All of these scenarios involve a multidisciplinary approach of using mathematical models,
statistics, graphs, databases and of course the business or scientific logic behind the data
analysis.
So we need a programming language which can cater to all these diverse needs of data
science. Python shines bright as one such language as it has numerous libraries and built in
features which makes it easy to tackle the needs of Data science.
What is Data Science ?
Data science is the process of deriving knowledge and insights from a huge and diverse set of
data through organizing, processing and analysing the data.
It involves many different disciplines like mathematical and statistical modelling, extracting
data from it source and applying data visualization techniques. Often it also involves handling
big data technologies to gather both structured and unstructured data.
Recommendation systems
As online shopping becomes more prevalent, the e-commerce platforms are able to capture
users shopping preferences as well as the performance of various products in the market.

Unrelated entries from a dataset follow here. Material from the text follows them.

(* Let $\mathcal{R}$ be a (finite or infinite) set of positive integers and let $R(z)=\sum_{r\in\mathcal{R}} z^r$. Let $K_{\mathcal{R}}(t,x,z)=\sum_S t^{\mathrm{da}(S)}x^{m(S)}z^{|S|}$, where the sum runs over all compositions $S$ (including the empty one) all of whose parts belong to $\mathcal{R}$, $m(S)$ is the number of parts and $|S|$ the sum of the parts. Then, as formal power series, $$K_{\mathcal{R}}(t,x,z)=\frac{1+xR(z)}{1-x^2R(z^2)-tx^2\left(R(z)^2-R(z^2)\right)}.$$
   Context: A composition is a finite sequence $(a_1,\dots,a_m)$, $m\ge0$, of positive integers. For a finite sequence $S=(a_1,\dots,a_m)$, the degree of asymmetry is $\mathrm{da}(S)=|\{i: 1\le i\le m/2,\ a_i\neq a_{m+1-i}\}|$. *)

theory Defs
  imports "HOL-Computational_Algebra.Formal_Power_Series"
begin

text \<open>Lists are 0-indexed,
  so index i (0-based, i < m div 2) corresponds to position i+1, and its mirror
  m+1-(i+1) corresponds to 0-based index m-1-i.\<close>
definition da :: "nat list \<Rightarrow> nat" where
  "da S = card {i. i < length S div 2 \<and> S ! i \<noteq> S ! (length S - 1 - i)}"

definition comps :: "nat set \<Rightarrow> nat \<Rightarrow> nat list set" where
  "comps R n = {S. (\<forall>a\<in>set S. 0 < a) \<and> set S \<subseteq> R \<and> sum_list S = n}"

text \<open>Trivariate formal power series in t, x, z are represented as nested power
  series: outer variable z, middle variable x, inner variable t.\<close>
type_synonym fps3 = "rat fps fps fps"

definition var_t :: fps3 where "var_t = fps_const (fps_const fps_X)"
definition var_x :: fps3 where "var_x = fps_const fps_X"
definition var_z :: fps3 where "var_z = fps_X"

definition Rser :: "nat set \<Rightarrow> fps3" where
  "Rser R = Abs_fps (\<lambda>n. if n \<in> R then 1 else 0)"

definition Kser :: "nat set \<Rightarrow> fps3" where
  "Kser R = Abs_fps (\<lambda>n. Abs_fps (\<lambda>m. Abs_fps (\<lambda>d.
      of_nat (card {S \<in> comps R n. length S = m \<and> da S = d}))))"

end

theory Submission
  imports Defs
begin

text \<open>Removing the first and the last part of a composition with at least two parts leaves a
  composition whose degree of asymmetry is smaller by one if the removed parts differ and
  unchanged otherwise. Hence
  \<open>K = 1 + x R(z) + x\<^sup>2 R(z\<^sup>2) K + t x\<^sup>2 (R(z)\<^sup>2 - R(z\<^sup>2)) K\<close>,
  where \<open>R(z)\<^sup>2\<close> counts all pairs of outer parts and \<open>R(z\<^sup>2)\<close> the equal ones.
  The denominator has constant term \<open>1\<close>, so it is invertible.\<close>

unbundle fps_syntax

lemma da_Nil [simp]: "da [] = 0"
  and da_singleton [simp]: "da [a] = 0"
  by (simp_all add: da_def)

lemma da_Cons_snoc: "da (a # S @ [b]) = da S + (if a = b then 0 else 1)"
proof -
  define A where "A = {i. i < length S div 2 \<and> S ! i \<noteq> S ! (length S - 1 - i)}"
  let ?T = "a # S @ [b]"
  have mirror: "?T ! (length ?T - 1 - Suc j) = S ! (length S - 1 - j)"
    if "j < length S div 2" for j
  proof -
    have "length ?T - 1 - Suc j = Suc (length S - 1 - j)" using that by auto
    then show ?thesis using that by (auto simp: nth_append)
  qed
  have "{i. i < length ?T div 2 \<and> ?T ! i \<noteq> ?T ! (length ?T - 1 - i)}
      = (if a = b then {} else {0}) \<union> Suc ` A"
  proof (rule set_eqI)
    fix i
    show "i \<in> {i. i < length ?T div 2 \<and> ?T ! i \<noteq> ?T ! (length ?T - 1 - i)}
      \<longleftrightarrow> i \<in> (if a = b then {} else {0}) \<union> Suc ` A"
      by (cases i) (auto simp: nth_append mirror A_def)
  qed
  moreover have "finite A" by (simp add: A_def)
  ultimately show ?thesis
    unfolding da_def by (auto simp: card_image A_def)
qed

lemma length_le_sum_list: "\<forall>a\<in>set S. 0 < (a::nat) \<Longrightarrow> length S \<le> sum_list S"
  by (induction S) auto

lemma finite_comps: "finite (comps R n)"
proof -
  have "comps R n \<subseteq> {S. set S \<subseteq> {..n} \<and> length S \<le> n}"
    using length_le_sum_list member_le_sum_list by (fastforce simp: comps_def)
  then show ?thesis
    using finite_lists_length_le[of "{..n}" n] finite_subset by blast
qed

definition end_pairs :: "nat set \<Rightarrow> nat \<Rightarrow> (nat \<times> nat) set" where
  "end_pairs R n = {p. fst p \<in> R \<and> snd p \<in> R \<and> fst p + snd p \<le> n}"

definition wrap :: "nat \<times> nat \<Rightarrow> nat list \<Rightarrow> nat list" where
  "wrap p S = fst p # S @ [snd p]"

lemma finite_end_pairs: "finite (end_pairs R n)"
  by (rule finite_subset[of _ "{..n} \<times> {..n}"]) (auto simp: end_pairs_def)

lemma inj_wrap: "inj (wrap p)"
  by (auto simp: inj_def wrap_def)

lemma wrap_eq_imp_eq: "wrap p S = wrap q T \<Longrightarrow> p = q"
  by (metis wrap_def append_is_Nil_conv last_ConsR last_snoc list.inject not_Cons_self2 prod_eq_iff)

lemma comps_decompose:
  assumes "\<forall>r\<in>R. 0 < r"
  shows "comps R n = (if n = 0 then {[]} else {}) \<union> (if n \<in> R then {[n]} else {})
     \<union> (\<Union>p\<in>end_pairs R n. wrap p ` comps R (n - (fst p + snd p)))"
    (is "_ = ?E \<union> ?W")
proof (rule set_eqI, rule iffI)
  fix S
  assume S: "S \<in> comps R n"
  show "S \<in> ?E \<union> ?W"
  proof (cases S rule: rev_cases)
    case (snoc T b)
    show ?thesis
    proof (cases T)
      case (Cons a U)
      have "(a, b) \<in> end_pairs R n" "U \<in> comps R (n - (a + b))" "S = wrap (a, b) U"
        using S snoc Cons by (auto simp: comps_def end_pairs_def wrap_def)
      then show ?thesis by force
    qed (use S snoc in \<open>auto simp: comps_def\<close>)
  qed (use S in \<open>auto simp: comps_def\<close>)
next
  fix S
  assume "S \<in> ?E \<union> ?W"
  then show "S \<in> comps R n"
    using assms by (auto simp: comps_def end_pairs_def wrap_def split: if_splits)
qed

definition comp_weight :: "nat list \<Rightarrow> rat fps fps" where
  "comp_weight S = fps_X ^ length S * fps_const (fps_X ^ da S)"

definition Kcoeff :: "nat set \<Rightarrow> nat \<Rightarrow> rat fps fps" where
  "Kcoeff R n = (\<Sum>S\<in>comps R n. comp_weight S)"

lemma comp_weight_nth: "comp_weight S $ m $ d = (if length S = m \<and> da S = d then 1 else 0)"
  by (auto simp: comp_weight_def fps_X_power_mult_nth)

lemma Kser_nth: "Kser R $ n = Kcoeff R n"
proof (intro fps_ext)
  fix m d
  have "Kcoeff R n $ m $ d = (\<Sum>S\<in>comps R n. if length S = m \<and> da S = d then 1 else 0)"
    by (simp add: Kcoeff_def fps_sum_nth comp_weight_nth)
  also have "\<dots> = of_nat (card {S \<in> comps R n. length S = m \<and> da S = d})"
    by (simp add: sum.inter_filter[symmetric] finite_comps)
  finally show "Kser R $ n $ m $ d = Kcoeff R n $ m $ d"
    by (simp add: Kser_def)
qed

lemma comp_weight_wrap:
  "comp_weight (wrap p S) =
     (if fst p = snd p then fps_X ^ 2 else fps_const fps_X * fps_X ^ 2) * comp_weight S"
proof -
  have "fps_X ^ length (wrap p S) = fps_X ^ 2 * (fps_X ^ length S :: rat fps fps)"
    by (simp add: wrap_def power_add mult.commute power2_eq_square)
  moreover have "fps_const (fps_X ^ da (wrap p S)) =
      (if fst p = snd p then 1 else fps_const fps_X) * fps_const (fps_X ^ da S :: rat fps)"
    by (simp add: wrap_def da_Cons_snoc mult.commute)
  ultimately show ?thesis
    by (cases "fst p = snd p") (simp_all add: comp_weight_def mult_ac)
qed

lemma Kcoeff_recurrence:
  assumes "\<forall>r\<in>R. 0 < r"
  shows "Kcoeff R n = (if n = 0 then 1 else 0) + (if n \<in> R then fps_X else 0)
     + (\<Sum>p\<in>end_pairs R n. (if fst p = snd p then fps_X ^ 2 else fps_const fps_X * fps_X ^ 2)
                               * Kcoeff R (n - (fst p + snd p)))"
proof -
  let ?E = "(if n = 0 then {[]} else {}) \<union> (if n \<in> R then {[n]} else {})"
  let ?W = "\<Union>p\<in>end_pairs R n. wrap p ` comps R (n - (fst p + snd p))"
  have "finite ?W" using finite_end_pairs finite_comps by blast
  moreover have "?E \<inter> ?W = {}" by (auto simp: wrap_def)
  ultimately have "Kcoeff R n = sum comp_weight ?E + sum comp_weight ?W"
    unfolding Kcoeff_def by (subst comps_decompose[OF assms]) (simp add: sum.union_disjoint)
  moreover have "sum comp_weight ?E = (if n = 0 then 1 else 0) + (if n \<in> R then fps_X else 0)"
    using assms by (cases "n = 0") (auto simp: comp_weight_def)
  moreover have "sum comp_weight ?W =
      (\<Sum>p\<in>end_pairs R n. sum comp_weight (wrap p ` comps R (n - (fst p + snd p))))"
    by (rule sum.UNION_disjoint) (use finite_end_pairs finite_comps wrap_eq_imp_eq in blast)+
  moreover have "sum comp_weight (wrap p ` comps R k) =
      (if fst p = snd p then fps_X ^ 2 else fps_const fps_X * fps_X ^ 2) * Kcoeff R k" for p k
    by (simp add: sum.reindex inj_on_subset[OF inj_wrap] comp_weight_wrap Kcoeff_def
        sum_distrib_left del: if_distrib)
  ultimately show ?thesis
    by presburger
qed

lemma sum_end_pairs_diagonal_split:
  fixes g :: "nat \<Rightarrow> 'a::comm_ring_1"
  shows "(\<Sum>p\<in>end_pairs R n. (if fst p = snd p then u else v) * g (fst p + snd p))
    = u * (\<Sum>a\<in>{a\<in>R. 2 * a \<le> n}. g (2 * a))
      + v * ((\<Sum>p\<in>end_pairs R n. g (fst p + snd p)) - (\<Sum>a\<in>{a\<in>R. 2 * a \<le> n}. g (2 * a)))"
proof -
  let ?D = "end_pairs R n \<inter> {p. fst p = snd p}"
  have "?D = (\<lambda>a. (a, a)) ` {a\<in>R. 2 * a \<le> n}"
    by (auto simp: end_pairs_def)
  then have diagonal: "(\<Sum>p\<in>?D. g (fst p + snd p)) = (\<Sum>a\<in>{a\<in>R. 2 * a \<le> n}. g (2 * a))"
    by (simp add: sum.reindex inj_on_def mult_2)
  have "(\<Sum>p\<in>end_pairs R n. g (fst p + snd p)) =
      (\<Sum>p\<in>?D. g (fst p + snd p)) + (\<Sum>p\<in>end_pairs R n - {p. fst p = snd p}. g (fst p + snd p))"
    using finite_end_pairs by (rule sum.Int_Diff)
  moreover have "(\<Sum>p\<in>end_pairs R n. (if fst p = snd p then u else v) * g (fst p + snd p))
      = u * (\<Sum>p\<in>?D. g (fst p + snd p))
        + v * (\<Sum>p\<in>end_pairs R n - {p. fst p = snd p}. g (fst p + snd p))"
    using finite_end_pairs
    by (simp add: if_distrib[of "\<lambda>c. c * _"] sum.If_cases sum_distrib_left Diff_eq
        del: if_distrib)
  ultimately show ?thesis
    using diagonal by (simp add: algebra_simps)
qed

lemma Rser_nth: "Rser R $ i = (if i \<in> R then 1 else 0)"
  by (simp add: Rser_def)

lemma Rser_oo_square_nth: "(Rser R oo var_z ^ 2) $ i = (if even i \<and> i div 2 \<in> R then 1 else 0)"
proof -
  have "(Rser R oo var_z ^ 2) $ i = (\<Sum>j=0..i. Rser R $ j * (if i = 2 * j then 1 else 0))"
    by (simp add: fps_compose_nth var_z_def power_mult[symmetric])
  also have "\<dots> = (\<Sum>j=0..i. if j = i div 2 then (if even i then Rser R $ j else 0) else 0)"
    by (rule sum.cong) auto
  finally show ?thesis by (simp add: Rser_nth)
qed

lemma Rser_oo_square_mult_nth:
  "((Rser R oo var_z ^ 2) * G) $ n = (\<Sum>a\<in>{a\<in>R. 2 * a \<le> n}. G $ (n - 2 * a))"
proof -
  have "((Rser R oo var_z ^ 2) * G) $ n =
      (\<Sum>i=0..n. if even i \<and> i div 2 \<in> R then G $ (n - i) else 0)"
    by (auto simp: fps_mult_nth Rser_oo_square_nth intro!: sum.cong)
  also have "\<dots> = (\<Sum>i\<in>{i\<in>{0..n}. even i \<and> i div 2 \<in> R}. G $ (n - i))"
    by (rule sum.inter_filter[symmetric]) simp
  also have "{i\<in>{0..n}. even i \<and> i div 2 \<in> R} = (\<lambda>a. 2 * a) ` {a\<in>R. 2 * a \<le> n}"
    by (auto elim!: evenE)
  finally show ?thesis
    by (simp add: sum.reindex inj_on_def)
qed

lemma Rser_square_mult_nth:
  "(Rser R ^ 2 * G) $ n = (\<Sum>p\<in>end_pairs R n. G $ (n - (fst p + snd p)))"
proof -
  define g where "g i j = (if i \<in> R \<and> j \<in> R then G $ (n - (i + j)) else 0)" for i j
  have "(Rser R ^ 2 * G) $ n = (\<Sum>k\<le>n. \<Sum>i\<le>k. g i (k - i))"
    by (auto simp: fps_mult_nth power2_eq_square sum_distrib_right Rser_nth g_def
        atLeast0AtMost intro!: sum.cong)
  also have "\<dots> = (\<Sum>(i, j)\<in>{(i, j). i + j \<le> n}. g i j)"
    by (rule sum.triangle_reindex_eq[symmetric])
  also have "\<dots> = (\<Sum>p\<in>{(i, j). i + j \<le> n}.
      if fst p \<in> R \<and> snd p \<in> R then G $ (n - (fst p + snd p)) else 0)"
    by (simp add: g_def split_beta)
  also have "\<dots> = (\<Sum>p\<in>{p\<in>{(i, j). i + j \<le> n}. fst p \<in> R \<and> snd p \<in> R}.
      G $ (n - (fst p + snd p)))"
    by (rule sum.inter_filter[symmetric], rule finite_subset[of _ "{..n} \<times> {..n}"]) auto
  also have "{p\<in>{(i, j). i + j \<le> n}. fst p \<in> R \<and> snd p \<in> R} = end_pairs R n"
    by (auto simp: end_pairs_def)
  finally show ?thesis .
qed

lemma Kser_recurrence:
  assumes pos: "\<forall>r\<in>R. 0 < r"
  defines "P \<equiv> Rser R oo var_z ^ 2"
  shows "Kser R = 1 + var_x * Rser R + var_x ^ 2 * (P * Kser R)
    + var_t * var_x ^ 2 * (Rser R ^ 2 * Kser R - P * Kser R)"
proof (rule fps_ext)
  fix n
  let ?u = "fps_X ^ 2 :: rat fps fps" and ?v = "fps_const fps_X * fps_X ^ 2 :: rat fps fps"
  have x2: "var_x ^ 2 = fps_const ?u"
    by (simp add: var_x_def fps_const_power)
  have tx2: "var_t * var_x ^ 2 = fps_const ?v"
    by (simp add: x2 var_t_def)
  have "Kser R $ n = (if n = 0 then 1 else 0) + (if n \<in> R then fps_X else 0)
     + (\<Sum>p\<in>end_pairs R n. (if fst p = snd p then ?u else ?v) * Kcoeff R (n - (fst p + snd p)))"
    unfolding Kser_nth by (rule Kcoeff_recurrence[OF pos])
  also have "\<dots> = (if n = 0 then 1 else 0) + (if n \<in> R then fps_X else 0)
     + ?u * (\<Sum>a\<in>{a\<in>R. 2 * a \<le> n}. Kcoeff R (n - 2 * a))
     + ?v * ((\<Sum>p\<in>end_pairs R n. Kcoeff R (n - (fst p + snd p)))
             - (\<Sum>a\<in>{a\<in>R. 2 * a \<le> n}. Kcoeff R (n - 2 * a)))"
    using sum_end_pairs_diagonal_split[where g = "\<lambda>k. Kcoeff R (n - k)" and u = ?u and v = ?v]
    by simp
  also have "\<dots> = (1 + var_x * Rser R + var_x ^ 2 * (P * Kser R)
    + var_t * var_x ^ 2 * (Rser R ^ 2 * Kser R - P * Kser R)) $ n"
    unfolding tx2 unfolding x2
    by (simp add: P_def Rser_oo_square_mult_nth Rser_square_mult_nth Kser_nth Rser_nth var_x_def)
  finally show "Kser R $ n = (1 + var_x * Rser R + var_x ^ 2 * (P * Kser R)
    + var_t * var_x ^ 2 * (Rser R ^ 2 * Kser R - P * Kser R)) $ n" .
qed

lemma fps_mult_inverse_eq_1:
  fixes f :: "'a::{comm_ring_1,inverse} fps"
  assumes "inverse (1::'a) = 1" and "f $ 0 = 1"
  shows "f * inverse f = 1"
  using fps_right_inverse[of f 1] assms by (simp add: fps_inverse_def)

theorem proposition2p2:
  fixes R :: "nat set"
  assumes "\<forall>r\<in>R. 0 < r"
  shows "Kser R =
    (1 + var_x * Rser R) *
    inverse (1 - var_x ^ 2 * (Rser R oo var_z ^ 2)
               - var_t * var_x ^ 2 * (Rser R ^ 2 - (Rser R oo var_z ^ 2)))"
proof -
  define D where "D = 1 - var_x ^ 2 * (Rser R oo var_z ^ 2)
               - var_t * var_x ^ 2 * (Rser R ^ 2 - (Rser R oo var_z ^ 2))"
  have "Kser R * D = Kser R - (var_x ^ 2 * ((Rser R oo var_z ^ 2) * Kser R)
      + var_t * var_x ^ 2 * (Rser R ^ 2 * Kser R - (Rser R oo var_z ^ 2) * Kser R))"
    by (simp add: D_def algebra_simps)
  also have "\<dots> = 1 + var_x * Rser R"
    by (subst (1) Kser_recurrence[OF assms]) simp
  finally have "Kser R * D = 1 + var_x * Rser R" .
  moreover have "D * inverse D = 1"
  proof (rule fps_mult_inverse_eq_1)
    show "inverse (1 :: rat fps fps) = 1"
      by (rule fps_inverse_one'[OF fps_inverse_one])
    show "D $ 0 = 1"
      using assms by (auto simp: D_def Rser_nth fps_square_nth var_x_def var_t_def)
  qed
  ultimately have "Kser R = (1 + var_x * Rser R) * inverse D"
    by (metis mult.assoc mult.right_neutral)
  then show ?thesis unfolding D_def .
qed

end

This
leads to creation of recommendation systems which create models predicting the shoppers
needs and show the products the shopper is most likely to buy.
Financial Risk management
The financial risk involving loans and credits are better analysed by using the customers past
spend habits, past defaults, other financial commitments and many socio-economic
indicators. These data is gathered from various sources in different formats. Organising them
together and getting insight into customers profile needs the help of Data science. The
outcome is minimizing loss for the financial organization by avoiding bad debt.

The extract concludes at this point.